Wallace Stegner's last novel is really a treat to savor. The writing is so beautiful and even funny at times, and while nothing much happens in the book, the story of the friendship between the Morgans and the Langs is riveting to me for it's truthfulness and honesty.

Larry Morgan pretty much sums up the whole magic of this book with this line: "How do you make a book that anyone will read out of lives as quiet as these? Where are the things that novelists seize upon and readers expect? Where is the high life, the conspicuous waste, the violence, the kinky sex, the death wish? Where are the suburban infidelities, the promiscuities, the convulsive divorces, the alcohol, the drugs, the lost weekends? Where are the hatreds, the political ambitions, the lust for power? Where are speed, noise, ugliness, everything that makes us who we are and makes us recognize ourselves in fiction?"

That "high life" described is definitely not in this book and rightly so. Instead, you see a faithful and quiet portrait of two couples' marriages, their friendship with each other, and the small and large victories of life that they face together. I couldn't put it down.

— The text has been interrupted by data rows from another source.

(* Consider an adaptive sampling algorithm and stopping rule. For a fixed arm $k \in [k^*]$ and a random time $\tau$, assume $N_k(\tau) \geq b$ almost surely for a constant $b\ge 3$. Then, for any $\delta \geq 1$, \[ \mathbb{P}\left(\frac{N_k(\tau)}{\log\log N_k(\tau)}\, D_{\psi^*_{\mu_k}}(\hat{\mu}_k(\tau) , \mu_k) \geq C_b \delta\right) \leq 2\exp\left\{-\delta\right\}, \] where $C_b := 4e\left(1 + \frac{1}{\log\log b}\right)$.
   Context: Stochastic multi-armed bandit with arms $P_1,\dots,P_{k^*}$ having means $\mu_k$; arms sampled adaptively ($A_t$ drawn from $\nu_t(\cdot\mid$ past data$)$, $Y_t\sim P_{A_t}$), $N_k(t)$ the number of draws of arm $k$ up to time $t$, $\hat\mu_k(t)$ its sample mean; $\tau$ is an arbitrary random time (not necessarily a stopping time). Arm $k$ is sub-$\psi$: $\log\mathbb{E}[e^{\lambda(Y-\mu_k)}]\le\psi(\lambda)$ for $\lambda\in\Lambda\ni 0$, with $\psi$ nonnegative, twice continuously differentiable, strictly convex, $\psi(0)=\psi'(0)=0$. $\psi_\mu^*$ is the convex conjugate of $\lambda\mapsto\lambda\mu+\psi(\lambda)$ and $D_{\psi_\mu^*}(\hat\mu,\mu)=\psi_\mu^*(\hat\mu)-\psi_\mu^*(\mu)-\psi_\mu^{*\prime}(\mu)(\hat\mu-\mu)$ is the associated Bregman divergence. *)

theory Defs
  imports "HOL-Probability.Probability"
begin

definition num_pulls :: "(nat \<Rightarrow> 'm \<Rightarrow> nat) \<Rightarrow> nat \<Rightarrow> nat \<Rightarrow> 'm \<Rightarrow> nat" where
  "num_pulls A k t \<omega> = card {s \<in> {1..t}. A s \<omega> = k}"

definition sample_mean ::
  "(nat \<Rightarrow> 'm \<Rightarrow> nat) \<Rightarrow> (nat \<Rightarrow> 'm \<Rightarrow> real) \<Rightarrow> nat \<Rightarrow> nat \<Rightarrow> 'm \<Rightarrow> real" where
  "sample_mean A Y k t \<omega> =
     (\<Sum>s\<in>{s \<in> {1..t}. A s \<omega> = k}. Y s \<omega>) / real (num_pulls A k t \<omega>)"

definition strictly_convex_on :: "real set \<Rightarrow> (real \<Rightarrow> real) \<Rightarrow> bool" where
  "strictly_convex_on S f \<longleftrightarrow>
     (\<forall>x\<in>S. \<forall>y\<in>S. \<forall>u::real. x \<noteq> y \<and> 0 < u \<and> u < 1 \<longrightarrow>
        f (u * x + (1 - u) * y) < u * f x + (1 - u) * f y)"

definition psi_conj :: "real set \<Rightarrow> (real \<Rightarrow> real) \<Rightarrow> real \<Rightarrow> real \<Rightarrow> ereal" where
  "psi_conj \<Lambda> \<psi> \<mu> x = (SUP l\<in>\<Lambda>. ereal (l * x - (l * \<mu> + \<psi> l)))"

definition psi_bregman :: "real set \<Rightarrow> (real \<Rightarrow> real) \<Rightarrow> real \<Rightarrow> real \<Rightarrow> real \<Rightarrow> ereal" where
  "psi_bregman \<Lambda> \<psi> \<mu> x y =
     psi_conj \<Lambda> \<psi> \<mu> x - psi_conj \<Lambda> \<psi> \<mu> y
       - ereal (deriv (\<lambda>z. real_of_ereal (psi_conj \<Lambda> \<psi> \<mu> z)) y * (x - y))"

end

theory Submission
  imports Defs
begin

text \<open>For every \<open>l \<in> \<Lambda>\<close> the process \<open>exp (l S\<^sub>t - \<psi>(l) N\<^sub>t)\<close>, with \<open>S\<^sub>t\<close> the centred reward sum and
  \<open>N\<^sub>t\<close> the number of pulls of arm \<open>k\<close>, is a nonnegative supermartingale. By Ville's inequality it
  ever exceeds \<open>e\<^sup>r\<close> with probability at most \<open>e\<^sup>-\<^sup>r\<close>; the bound is uniform in time, so the random
  time \<open>\<tau>\<close> need not be a stopping time. The conjugate \<open>\<psi>\<^sup>*\<close> vanishes to first order at 0, so the
  Bregman divergence at the mean is \<open>\<psi>\<^sup>*(S/N)\<close>, and \<open>N \<psi>\<^sup>*(S/N) > n c\<close> with \<open>N \<ge> n\<close> forces
  \<open>l S - \<psi>(l) N \<ge> n c\<close> for some \<open>l\<close>. Peeling \<open>N\<^sub>k(\<tau>)\<close> into the epochs \<open>[b e\<^sup>j, b e\<^sup>j\<^sup>+\<^sup>1)\<close>, with levels
  whose failure probabilities \<open>(ln b + j)\<^sup>-\<^sup>q\<close> sum to at most \<open>e\<^sup>-\<^sup>\<delta>\<close>, and treating both signs of
  the deviation separately, gives the bound.\<close>

section \<open>The conjugate of \<open>\<psi>\<close>\<close>

definition psi_star :: "real set \<Rightarrow> (real \<Rightarrow> real) \<Rightarrow> real \<Rightarrow> ereal" where
  "psi_star \<Lambda> \<psi> w = (SUP l\<in>\<Lambda>. ereal (l * w - \<psi> l))"

lemma psi_conj_eq_psi_star: "psi_conj \<Lambda> \<psi> \<mu> x = psi_star \<Lambda> \<psi> (x - \<mu>)"
  unfolding psi_conj_def psi_star_def by (intro SUP_cong refl) (simp add: algebra_simps)

locale psi_function =
  fixes \<Lambda> :: "real set" and \<psi> :: "real \<Rightarrow> real"
  assumes zero_in_\<Lambda>: "0 \<in> \<Lambda>" and open_\<Lambda>: "open \<Lambda>" and interval_\<Lambda>: "is_interval \<Lambda>"
    and psi_0: "\<psi> 0 = 0" and psi_nonneg: "\<And>l. l \<in> \<Lambda> \<Longrightarrow> \<psi> l \<ge> 0"
    and psi_strictly_convex: "strictly_convex_on \<Lambda> \<psi>"
begin

lemma psi_star_ge: "l \<in> \<Lambda> \<Longrightarrow> ereal (l * w - \<psi> l) \<le> psi_star \<Lambda> \<psi> w"
  unfolding psi_star_def by (rule SUP_upper)

lemma psi_star_nonneg: "psi_star \<Lambda> \<psi> w \<ge> 0"
  using psi_star_ge[OF zero_in_\<Lambda>, of w] by (simp add: psi_0 zero_ereal_def)

lemma psi_star_0: "psi_star \<Lambda> \<psi> 0 = 0"
proof (rule antisym)
  show "psi_star \<Lambda> \<psi> 0 \<le> 0"
    unfolding psi_star_def by (rule SUP_least) (simp add: psi_nonneg)
qed (rule psi_star_nonneg)

lemma psi_star_gtE:
  assumes "psi_star \<Lambda> \<psi> w > ereal c" "c \<ge> 0"
  obtains l where "l \<in> \<Lambda>" "l * w - \<psi> l > c" "l * w > 0"
proof -
  obtain l where l: "l \<in> \<Lambda>" "l * w - \<psi> l > c"
    using assms(1) unfolding psi_star_def by (subst (asm) less_SUP_iff) auto
  moreover have "l * w > 0" using l psi_nonneg[OF l(1)] assms(2) by linarith
  ultimately show thesis by (rule that)
qed

text \<open>The hypothesis \<open>0 \<le> w * (w' - w)\<close> says that \<open>w'\<close> lies beyond \<open>w\<close>, on the same side of 0.\<close>
lemma psi_star_gt_away:
  assumes gt: "psi_star \<Lambda> \<psi> w > ereal c" and c: "c \<ge> 0" and away: "0 \<le> w * (w' - w)"
  shows "psi_star \<Lambda> \<psi> w' > ereal c"
proof -
  obtain l where l: "l \<in> \<Lambda>" "l * w - \<psi> l > c" "l * w > 0" using psi_star_gtE[OF gt c] .
  have "0 \<le> (l * w) * (w * (w' - w))" using l(3) away by simp
  also have "\<dots> = w\<^sup>2 * (l * (w' - w))" by (simp add: power2_eq_square algebra_simps)
  finally have "0 \<le> w\<^sup>2 * (l * (w' - w))" .
  moreover have "w\<^sup>2 > 0" using l(3) by (cases "w = 0") auto
  ultimately have "0 \<le> l * (w' - w)" by (simp add: zero_le_mult_iff)
  then have "ereal c < ereal (l * w' - \<psi> l)" using l(2) by (simp add: algebra_simps)
  also have "\<dots> \<le> psi_star \<Lambda> \<psi> w'" by (rule psi_star_ge[OF l(1)])
  finally show ?thesis .
qed

lemma psi_scaled_less:
  assumes "l \<in> \<Lambda>" "l \<noteq> 0" "0 < u" "u < 1"
  shows "\<psi> (u * l) < u * \<psi> l"
  using psi_strictly_convex[unfolded strictly_convex_on_def, rule_format, of l 0 u] assms zero_in_\<Lambda>
  by (simp add: psi_0)

lemma scaled_in_\<Lambda>:
  assumes "l \<in> \<Lambda>" "0 \<le> u" "u \<le> 1"
  shows "u * l \<in> \<Lambda>"
proof -
  have "u * l \<in> closed_segment 0 l"
    using assms unfolding closed_segment_def by (auto intro!: exI[of _ u])
  then show ?thesis
    using assms(1) zero_in_\<Lambda> interval_\<Lambda> by (meson is_interval_convex convex_contains_segment subsetD)
qed

lemma psi_pos: "l \<in> \<Lambda> \<Longrightarrow> l \<noteq> 0 \<Longrightarrow> \<psi> l > 0"
  using psi_scaled_less[of l "1/2"] psi_nonneg[OF scaled_in_\<Lambda>, of l "1/2"] by simp

text \<open>Outside \<open>[-e, e]\<close>, convexity makes \<open>\<psi>\<close> grow at least linearly with slope
  \<open>min (\<psi> e) (\<psi> (-e)) / e\<close>; this beats \<open>l * w\<close> once \<open>\<bar>w\<bar>\<close> is small.\<close>
lemma psi_star_le_linear_near_0:
  assumes "\<epsilon> > 0"
  obtains d where "d > 0" "\<And>w. \<bar>w\<bar> < d \<Longrightarrow> psi_star \<Lambda> \<psi> w \<le> ereal (\<epsilon> * \<bar>w\<bar>)"
proof -
  obtain r where r: "r > 0" "ball 0 r \<subseteq> \<Lambda>" using open_\<Lambda> zero_in_\<Lambda> openE by blast
  define e where "e = min \<epsilon> (r / 2)"
  have e: "e > 0" "e \<le> \<epsilon>" "e \<in> \<Lambda>" "-e \<in> \<Lambda>"
    using assms r by (auto simp: e_def intro!: subsetD[OF r(2)])
  define m where "m = min (\<psi> e) (\<psi> (-e))"
  have m: "m > 0" using psi_pos[OF e(3)] psi_pos[OF e(4)] e(1) by (simp add: m_def)
  have "psi_star \<Lambda> \<psi> w \<le> ereal (\<epsilon> * \<bar>w\<bar>)" if w: "\<bar>w\<bar> < m / e" for w
    unfolding psi_star_def
  proof (rule SUP_least)
    fix l assume l: "l \<in> \<Lambda>"
    have "l * w \<le> \<bar>l\<bar> * \<bar>w\<bar>" by (metis abs_ge_self abs_mult)
    have "l * w - \<psi> l \<le> \<epsilon> * \<bar>w\<bar>"
    proof (cases "\<bar>l\<bar> \<le> e")
      case True
      then have "\<bar>l\<bar> * \<bar>w\<bar> \<le> \<epsilon> * \<bar>w\<bar>" using e by (intro mult_right_mono) auto
      then show ?thesis using \<open>l * w \<le> \<bar>l\<bar> * \<bar>w\<bar>\<close> psi_nonneg[OF l] by linarith
    next
      case False
      define u where "u = e / \<bar>l\<bar>"
      have u: "0 < u" "u < 1" using False e by (auto simp: u_def)
      have "u * l = e \<or> u * l = -e" using False e(1) by (auto simp: u_def abs_if)
      then have "m \<le> \<psi> (u * l)" by (auto simp: m_def)
      also have "\<dots> < u * \<psi> l" using psi_scaled_less[OF l _ u] False e(1) by auto
      finally have "\<bar>l\<bar> * m < e * \<psi> l" using False e by (simp add: u_def field_simps)
      moreover have "\<bar>l\<bar> * (e * \<bar>w\<bar>) \<le> \<bar>l\<bar> * m"
        using w e(1) by (intro mult_left_mono) (simp_all add: field_simps)
      ultimately have "e * (\<bar>l\<bar> * \<bar>w\<bar>) < e * \<psi> l" by (simp add: algebra_simps)
      then have "\<bar>l\<bar> * \<bar>w\<bar> < \<psi> l" using e(1) by simp
      then show ?thesis using \<open>l * w \<le> \<bar>l\<bar> * \<bar>w\<bar>\<close> assms by (smt (verit) abs_ge_zero mult_nonneg_nonneg)
    qed
    then show "ereal (l * w - \<psi> l) \<le> ereal (\<epsilon> * \<bar>w\<bar>)" by simp
  qed
  moreover have "m / e > 0" using m e by simp
  ultimately show thesis using that by blast
qed

lemma psi_star_has_derivative_0:
  "((\<lambda>w. real_of_ereal (psi_star \<Lambda> \<psi> w)) has_real_derivative 0) (at 0)"
proof -
  define f where "f = (\<lambda>w. real_of_ereal (psi_star \<Lambda> \<psi> w))"
  have "((\<lambda>w. f w / w) \<longlongrightarrow> 0) (at 0)"
  proof (rule tendstoI)
    fix \<epsilon> :: real assume "\<epsilon> > 0"
    then obtain d where d: "d > 0" "\<And>w. \<bar>w\<bar> < d \<Longrightarrow> psi_star \<Lambda> \<psi> w \<le> ereal (\<epsilon> / 2 * \<bar>w\<bar>)"
      using psi_star_le_linear_near_0[of "\<epsilon> / 2"] by auto
    have "dist (f w / w) 0 < \<epsilon>" if "w \<noteq> 0" "\<bar>w\<bar> < d" for w
    proof -
      have "0 \<le> f w" "f w \<le> \<epsilon> / 2 * \<bar>w\<bar>"
        using psi_star_nonneg[of w] d(2)[OF that(2)] unfolding f_def
        by (cases "psi_star \<Lambda> \<psi> w"; simp)+
      then have "f w / \<bar>w\<bar> \<le> \<epsilon> / 2" using that by (simp add: divide_le_eq)
      moreover have "dist (f w / w) 0 = f w / \<bar>w\<bar>"
        using \<open>0 \<le> f w\<close> by (simp add: dist_real_def abs_divide)
      ultimately show ?thesis using \<open>\<epsilon> > 0\<close> by linarith
    qed
    then show "\<forall>\<^sub>F w in at 0. dist (f w / w) 0 < \<epsilon>"
      unfolding eventually_at using d(1) by (auto simp: dist_real_def)
  qed
  then show ?thesis by (simp add: has_field_derivative_iff f_def psi_star_0)
qed

lemma psi_bregman_at_mean: "psi_bregman \<Lambda> \<psi> \<mu> x \<mu> = psi_star \<Lambda> \<psi> (x - \<mu>)"
proof -
  have "((\<lambda>w. real_of_ereal (psi_star \<Lambda> \<psi> w)) has_real_derivative 0) (at (\<mu> - \<mu>))"
    using psi_star_has_derivative_0 by simp
  from DERIV_chain2[OF this DERIV_diff[OF DERIV_ident DERIV_const]]
  have "((\<lambda>z. real_of_ereal (psi_star \<Lambda> \<psi> (z - \<mu>))) has_real_derivative 0) (at \<mu>)"
    by simp
  then have "deriv (\<lambda>z. real_of_ereal (psi_conj \<Lambda> \<psi> \<mu> z)) \<mu> = 0"
    by (simp add: psi_conj_eq_psi_star DERIV_imp_deriv)
  then show ?thesis
    by (simp add: psi_bregman_def psi_conj_eq_psi_star psi_star_0 zero_ereal_def[symmetric])
qed

end

section \<open>Peeling arithmetic\<close>

lemma one_less_ln_of_ge_3: "3 \<le> x \<Longrightarrow> 1 < ln (x::real)"
  using e_less_272 ln_less_cancel_iff[of "exp 1" x] by simp

lemma ln_ln_pos_of_ge_3: "3 \<le> x \<Longrightarrow> 0 < ln (ln (x::real))"
  using one_less_ln_of_ge_3 by simp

This was a second read for me, and while I enjoyed it thoroughly, I have to admit there was a bit too much flora and fauna for my taste.

A few spectacular quotes that struck me:

You can plan all you want to. You can lie in your morning bed and fill whole notebooks with schemes and intentions. But within a single afternoon, within hours or minutes, everything you plan and everything you have fought to make yourself can be undone as a slug is undone when salt is poured on him. And right up to the moment when you find yourself dissolving into foam you can still believe you are doing fine.

[Friendship] is a relationship that has no formal shape, there are no rules or obligations or bonds as in marriage or the family, it is held together by neither law nor property nor blood, there is no glue in it but mutual liking. It is therefore rare.

Is that the basis of friendship? Is it as reactive as that? Do we respond only to people who seem to find us interesting?... Do we all buzz or ring or light up when people press our vanity buttons, and only then? Can I think of anyone in my whole life whom I have liked without his first showing signs of liking me?

Ambition is a path, not a destination, and it is essentially the same path for everybody. No matter what the goal is, the path leads through Pilgrim’s Progress regions of motivation, hard work, persistence, stubbornness, and resilience under disappointment. Unconsidered, merely indulged, ambition becomes a vice; it can turn an man into a machine that knows nothing but how to run. Considered, it can be something else — pathway to the stars, maybe. I suspect that what makes hedonists so angry when they think about overachievers is that the overachievers, without benefit of drugs or orgies, have more fun.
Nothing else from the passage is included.